Author: Anne Marie Miller

  • Unfinishedness

    People who know me well would call me a little bit compulsive.

    I take that as a compliment.

    I know everybody has their quirks, and one of mine just happens to be finishing things. I love making lists. I love marking things off lists. I’ll even put something on a list that I’ve completed just so I can mark it off. I can’t stand for the shower curtain to be open, the front door to be unlocked, or things to be crooked.

    Things must be finished.

    There is a Point A.

    There is a Point B.

    When life gets stuck between the two, I go a little bit crazy.

    Most of you probably read my first blog post about Haiti. You read my Point A.

    You read some of the in between.

    But even though I’ve been home for two weeks, I haven’t landed at Point B.

    I haven’t been able to sign off on the bottom of my trip and file it away in my “Life Experience” folder.

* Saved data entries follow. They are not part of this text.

text \<open>A polynomial lies in \<open>I_{p^n}\<close> iff all its integer values are divisible by \<open>p^n\<close>;
  as \<open>f(a) mod p^n\<close> only depends on \<open>a mod p^n\<close>, it suffices to test \<open>a = 0, \<dots>, p^n - 1\<close>,
  and grouping these points by their residue \<open>j\<close> mod \<open>p\<close> gives the ideals \<open>Q_{n,j}\<close>.
  Each \<open>Q_{n,j}\<close> lies between \<open>M_j^n\<close> and \<open>M_j\<close>; it is primary because a polynomial
  outside \<open>M_j\<close> takes values prime to \<open>p\<close> at all points \<open>i \<equiv> j\<close>.
  The polynomial \<open>h_k\<close>, the product of \<open>X - t\<close> over \<open>t < p\<close>, \<open>t \<noteq> k\<close>, lies in every \<open>M_j\<close>
  with \<open>j \<noteq> k\<close> but not in \<open>M_k\<close>, so \<open>h_k^n\<close> shows that no component is redundant.
  Writing \<open>1 = u h_k^n + m\<close> with \<open>m \<in> M_k\<close>, the decomposition \<open>1 = (1 - m^n) + m^n\<close>, where
  \<open>h_k^n\<close> divides \<open>1 - m^n\<close>, shows that \<open>Q_{n,k}\<close> is comaximal with the other components,
  so their intersection is their product.\<close>

lemma is_ideal_add: "is_ideal I \<Longrightarrow> a \<in> I \<Longrightarrow> b \<in> I \<Longrightarrow> a + b \<in> I"
  unfolding is_ideal_def by simp

lemma is_ideal_mult: "is_ideal I \<Longrightarrow> a \<in> I \<Longrightarrow> r * a \<in> I"
  unfolding is_ideal_def by simp

lemma is_ideal_eq_UNIV: "is_ideal I \<Longrightarrow> 1 \<in> I \<Longrightarrow> I = UNIV"
  using is_ideal_mult[of I 1] by auto

lemma is_ideal_sum:
  assumes "is_ideal I" "finite F" "F \<subseteq> I"
  shows "(\<Sum>s\<in>F. c s * s) \<in> I"
  using assms(2,3) by (induction F rule: finite_induct) (use assms(1) in \<open>auto simp: is_ideal_def\<close>)

lemma is_ideal_INT: "(\<And>x. x \<in> A \<Longrightarrow> is_ideal (Q x)) \<Longrightarrow> is_ideal (\<Inter>x\<in>A. Q x)"
  unfolding is_ideal_def by simp

lemma is_ideal_Int: "is_ideal I \<Longrightarrow> is_ideal J \<Longrightarrow> is_ideal (I \<inter> J)"
  unfolding is_ideal_def by simp

lemma subset_gen_ideal: "S \<subseteq> gen_ideal S"
proof
  fix x assume "x \<in> S"
  then show "x \<in> gen_ideal S"
    unfolding gen_ideal_def by (intro CollectI exI[of _ "{x}"] exI[of _ "\<lambda>_. 1"]) auto
qed

lemma gen_ideal_least:
  assumes "is_ideal I" "S \<subseteq> I"
  shows "gen_ideal S \<subseteq> I"
proof
  fix x assume "x \<in> gen_ideal S"
  then obtain F c where "finite F" "F \<subseteq> S" "x = (\<Sum>s\<in>F. c s * s)"
    unfolding gen_ideal_def by blast
  then show "x \<in> I"
    using is_ideal_sum[OF assms(1)] assms(2) by blast
qed

lemma is_ideal_gen_ideal: "is_ideal (gen_ideal S)"
  unfolding is_ideal_def
proof (intro conjI ballI allI)
  show "0 \<in> gen_ideal S"
    unfolding gen_ideal_def by (intro CollectI exI[of _ "{}"]) simp
next
  fix x y assume "x \<in> gen_ideal S" "y \<in> gen_ideal S"
  then obtain F c G d where F: "finite F" "F \<subseteq> S" "x = (\<Sum>s\<in>F. c s * s)"
    and G: "finite G" "G \<subseteq> S" "y = (\<Sum>s\<in>G. d s * s)"
    unfolding gen_ideal_def by blast
  define e where "e s = (if s \<in> F then c s else 0) + (if s \<in> G then d s else 0)" for s
  have "x = (\<Sum>s\<in>F \<union> G. (if s \<in> F then c s else 0) * s)"
    unfolding F(3) by (rule sum.mono_neutral_cong_left) (use F G in auto)
  moreover have "y = (\<Sum>s\<in>F \<union> G. (if s \<in> G then d s else 0) * s)"
    unfolding G(3) by (rule sum.mono_neutral_cong_left) (use F G in auto)
  ultimately have "x + y = (\<Sum>s\<in>F \<union> G. e s * s)"
    by (simp only: e_def distrib_right sum.distrib)
  then show "x + y \<in> gen_ideal S"
    unfolding gen_ideal_def using F G by (intro CollectI exI[of _ "F \<union> G"] exI[of _ e]) simp
next
  fix r x assume "x \<in> gen_ideal S"
  then obtain F c where F: "finite F" "F \<subseteq> S" "x = (\<Sum>s\<in>F. c s * s)"
    unfolding gen_ideal_def by blast
  then have "r * x = (\<Sum>s\<in>F. (r * c s) * s)"
    by (simp add: sum_distrib_left mult.assoc)
  then show "r * x \<in> gen_ideal S"
    unfolding gen_ideal_def using F by (intro CollectI exI[of _ F] exI[of _ "\<lambda>s. r * c s"]) simp
qed

lemma ideal_prod_eq_Int_if_comaximal:
  assumes I: "is_ideal I" and J: "is_ideal J"
    and a: "a \<in> I" and b: "b \<in> J" and ab: "a + b = 1"
  shows "ideal_prod I J = I \<inter> J"
proof
  have "u * v \<in> I \<inter> J" if "u \<in> I" "v \<in> J" for u v
    using is_ideal_mult[OF I \<open>u \<in> I\<close>, of v] is_ideal_mult[OF J \<open>v \<in> J\<close>, of u]
    by (simp add: mult.commute)
  then show "ideal_prod I J \<subseteq> I \<inter> J"
    unfolding ideal_prod_def by (intro gen_ideal_least is_ideal_Int I J) blast
next
  show "I \<inter> J \<subseteq> ideal_prod I J"
  proof
    fix x assume x: "x \<in> I \<inter> J"
    have "a * x \<in> ideal_prod I J" "x * b \<in> ideal_prod I J"
      unfolding ideal_prod_def using x a b by (auto intro!: subsetD[OF subset_gen_ideal])
    then have "a * x + x * b \<in> ideal_prod I J"
      unfolding ideal_prod_def by (rule is_ideal_add[OF is_ideal_gen_ideal])
    moreover have "a * x + x * b = x * (a + b)"
      by (simp add: algebra_simps)
    ultimately show "x \<in> ideal_prod I J" using ab by simp
  qed
qed

lemma ideal_prod_upto_eq_INT:
  assumes ideal: "\<And>j. j < k \<Longrightarrow> is_ideal (Q j)"
    and comaximal: "\<And>l. l < k \<Longrightarrow> \<exists>a\<in>(\<Inter>j\<in>{..<k} - {l}. Q j). \<exists>b\<in>Q l. a + b = 1"
  shows "m \<le> k \<Longrightarrow> ideal_prod_upto Q m = (\<Inter>j<m. Q j)"
proof (induction m)
  case 0
  then show ?case by simp
next
  case (Suc m)
  then have "m < k" by simp
  then obtain a b where "a \<in> (\<Inter>j\<in>{..<k} - {m}. Q j)" and ab: "b \<in> Q m" "a + b = 1"
    using comaximal by blast
  with \<open>m < k\<close> have a: "a \<in> (\<Inter>j<m. Q j)" by auto
  have "ideal_prod_upto Q (Suc m) = ideal_prod (\<Inter>j<m. Q j) (Q m)"
    using Suc by simp
  also have "\<dots> = (\<Inter>j<m. Q j) \<inter> Q m"
    using \<open>m < k\<close>
    by (intro ideal_prod_eq_Int_if_comaximal[OF _ _ a ab] is_ideal_INT ideal) auto
  also have "\<dots> = (\<Inter>j<Suc m. Q j)"
    by (auto simp: lessThan_Suc)
  finally show ?case .
qed

lemma poly_cong:
  fixes x y :: "'a::unique_euclidean_ring"
  shows "[x = y] (mod m) \<Longrightarrow> [poly f x = poly f y] (mod m)"
  by (induction f) (auto intro: cong_add cong_mult)

lemma dvd_poly_cong_iff:
  fixes x y :: "'a::unique_euclidean_ring"
  shows "[x = y] (mod m) \<Longrightarrow> m dvd poly f x \<longleftrightarrow> m dvd poly f y"
  by (simp add: cong_dvd_iff poly_cong)

lemma dvd_poly_mod_eq_iff:
  assumes "(i::nat) mod m = j mod m"
  shows "int m dvd poly f (int i) \<longleftrightarrow> int m dvd poly f (int j)"
  using assms unfolding cong_def[symmetric] cong_int_iff[symmetric] by (rule dvd_poly_cong_iff)

lemma dvd_poly_all_iff_residues:
  assumes "m > 0"
  shows "(\<forall>a. int m dvd poly f a) \<longleftrightarrow> (\<forall>i<m. int m dvd poly f (int i))"
proof (intro iffI allI)
  fix a assume H: "\<forall>i<m. int m dvd poly f (int i)"
  have "nat (a mod int m) < m" "[a = int (nat (a mod int m))] (mod int m)"
    using assms by (simp_all add: nat_less_iff cong_def)
  with H show "int m dvd poly f a"
    using dvd_poly_cong_iff by blast
qed simp

lemma poly_map_poly_of_int:
  "poly (map_poly (of_int :: int \<Rightarrow> 'a::comm_ring_1) f) (of_int a) = of_int (poly f a)"
  by (induction f) (auto simp: map_poly_pCons)

lemma mem_ideal2_iff: "f \<in> ideal2 m i \<longleftrightarrow> m dvd poly f i"
proof
  assume "f \<in> ideal2 m i"
  then obtain F c where F: "F \<subseteq> {[:m:], [:-i, 1:]}" "f = (\<Sum>s\<in>F. c s * s)"
    unfolding ideal2_def gen_ideal_def by blast
  have "poly f i = (\<Sum>s\<in>F. poly (c s) i * poly s i)"
    using F(2) by (simp add: poly_sum)
  also have "m dvd \<dots>"
    using F(1) by (intro dvd_sum) auto
  finally show "m dvd poly f i" .
next
  assume "m dvd poly f i"
  then obtain k where k: "poly f i = m * k" by blast
  have "f = synthetic_div f i * [:-i, 1:] + [:k:] * [:m:]"
    using synthetic_div_correct'[of i f] by (simp add: k mult.commute)
  also have "\<dots> \<in> ideal2 m i"
    unfolding ideal2_def
    by (intro is_ideal_add is_ideal_mult is_ideal_gen_ideal subsetD[OF subset_gen_ideal]) auto
  finally show "f \<in> ideal2 m i" .
qed

lemma mem_M_id_iff: "f \<in> M_id p j \<longleftrightarrow> int p dvd poly f (int j)"
  by (simp add: M_id_def mem_ideal2_iff)

lemma mem_Q_id_iff:
  "f \<in> Q_id p n j \<longleftrightarrow> (\<forall>i<p ^ n. i mod p = j mod p \<longrightarrow> int (p ^ n) dvd poly f (int i))"
  by (auto simp: Q_id_def mem_ideal2_iff)

lemma is_ideal_ideal2: "is_ideal (ideal2 m i)"
  unfolding ideal2_def by (rule is_ideal_gen_ideal)

lemma is_ideal_M_id: "is_ideal (M_id p j)"
  unfolding M_id_def by (rule is_ideal_ideal2)

lemma is_ideal_Q_id: "is_ideal (Q_id p n j)"
  unfolding Q_id_def by (intro is_ideal_INT is_ideal_ideal2)

lemma mem_I_pn_iff:
  assumes "p > 0"
  shows "f \<in> I_pn p n \<longleftrightarrow> (\<forall>i<p ^ n. int (p ^ n) dvd poly f (int i))"
proof -
  define c :: rat where "c = of_nat (p ^ n)"
  have "c \<noteq> 0" using assms by (simp add: c_def)
  have "f \<in> I_pn p n \<longleftrightarrow> smult (1 / c) (map_poly of_int f) \<in> IntZ"
    unfolding I_pn_def c_def[symmetric] using \<open>c \<noteq> 0\<close> by force
  also have "\<dots> \<longleftrightarrow> (\<forall>a. of_int (poly f a) / c \<in> \<int>)"
    by (simp add: IntZ_def poly_map_poly_of_int)
  also have "\<dots> \<longleftrightarrow> (\<forall>a. int (p ^ n) dvd poly f a)"
    using of_int_div_of_int_in_Ints_iff[where 'a=rat, of _ "int (p ^ n)"] assms
    by (simp add: c_def)
  finally show ?thesis
    using dvd_poly_all_iff_residues[of "p ^ n" f] assms by simp
qed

    It unfinished, and it’s driving me crazy.

    There are so many emotions to sort through, and some of them aren’t pretty.? There are emotions I don’t want to write about publicly on a blog because I don’t want to seem like a jackass…or vulnerable.

    Like the anger I’m feeling toward the lack of relief happening on the ground.

    The pride (fueled by frustration) I feel when I talk to someone who’s already moved on and forgotten about it since they wrote a check a month ago.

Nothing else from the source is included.